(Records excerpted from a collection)
* * * * * * * * *
lemma comp_clock_stable:
  assumes f: "clock f (length Fs) Ff" and gs: "list_all2 (\<lambda>g G. clock g k G) gs Fs"
    and xs: "length xs = k" and tt: "t \<le> t'" and y: "comp_clock Ff Fs (t # xs) = Suc y"
  shows "comp_clock Ff Fs (t' # xs) = Suc y"
proof -
  have "\<forall>i<length Fs. (Fs ! i) (t' # xs) = Suc (comp_args Fs (t # xs) ! i)"
    using y gs clock_stable[OF _ xs tt]
    by (auto simp: comp_clock_eq_Suc list_all2_conv_all_nth)
  moreover from this have "comp_args Fs (t' # xs) = comp_args Fs (t # xs)"
    by (intro nth_equalityI) (simp_all add: comp_args_def)
  moreover have "Ff (t' # comp_args Fs (t # xs)) = Suc y"
    using y clock_stable[OF f _ tt] by (simp add: comp_clock_eq_Suc comp_args_def)
  ultimately show ?thesis by (simp add: comp_clock_eq_Suc)
qed

lemma comp_clock_halts:
  assumes f: "clock f (length Fs) Ff" and gs: "list_all2 (\<lambda>g G. clock g k G) gs Fs"
    and xs: "length xs = k"
  shows "eval (Comp f gs) xs y \<longleftrightarrow> (\<exists>t. comp_clock Ff Fs (t # xs) = Suc y)"
proof
  have len: "length gs = length Fs" using gs by (rule list_all2_lengthD)
  have clk: "clock (gs ! i) k (Fs ! i)" if "i < length Fs" for i
    using gs that by (simp add: list_all2_conv_all_nth)
  {
    assume "eval (Comp f gs) xs y"
    then obtain zs where zs: "length zs = length gs" "\<forall>i<length gs. eval (gs ! i) xs (zs ! i)"
      and y: "eval f zs y"
      by (auto elim: eval_CompE)
    have "\<forall>\<^sub>F t in sequentially. \<forall>i\<in>{..<length Fs}. (Fs ! i) (t # xs) = Suc (zs ! i)"
      using clock_eventually[OF clk xs] zs len by (intro eventually_ball_finite) auto
    moreover have "\<forall>\<^sub>F t in sequentially. Ff (t # zs) = Suc y"
      using clock_eventually[OF f _ y] zs len by simp
    ultimately obtain t where t: "\<forall>i<length Fs. (Fs ! i) (t # xs) = Suc (zs ! i)"
      and "Ff (t # zs) = Suc y"
      using eventually_happens'[OF sequentially_bot eventually_conj] by blast
    moreover have "comp_args Fs (t # xs) = zs"
      using t zs len by (intro nth_equalityI) (auto simp: comp_args_def)
    ultimately show "\<exists>t. comp_clock Ff Fs (t # xs) = Suc y" by (auto simp: comp_clock_eq_Suc)
  next
    assume "\<exists>t. comp_clock Ff Fs (t # xs) = Suc y"
    then obtain t where args: "\<forall>i<length Fs. (Fs ! i) (t # xs) = Suc (comp_args Fs (t # xs) ! i)"
      and y: "Ff (t # comp_args Fs (t # xs)) = Suc y"
      by (auto simp: comp_clock_eq_Suc)
    show "eval (Comp f gs) xs y"
    proof (rule eval_Comp[where ys = "comp_args Fs (t # xs)"])
      show "length (comp_args Fs (t # xs)) = length gs" by (simp add: comp_args_def len)
      show "\<forall>i<length gs. eval (gs ! i) xs (comp_args Fs (t # xs) ! i)"
        using clock_sound[OF clk xs] args len by auto
      show "eval f (comp_args Fs (t # xs)) y"
        using clock_sound[OF f _ y] by (simp add: comp_args_def)
    qed
  }
qed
* * * * * * * * *
# Your goal
Your task is to list each line of the records with the word "obtain".

# Response for this exercise
    then obtain zs where zs: "length zs = length gs" "\<forall>i<length gs. eval (gs ! i) xs (zs ! i)"
    ultimately obtain t where t: "\<forall>i<length Fs. (Fs ! i) (t # xs) = Suc (zs ! i)"
    then obtain t where args: "\<forall>i<length Fs. (Fs ! i) (t # xs) = Suc (comp_args Fs (t # xs) ! i)"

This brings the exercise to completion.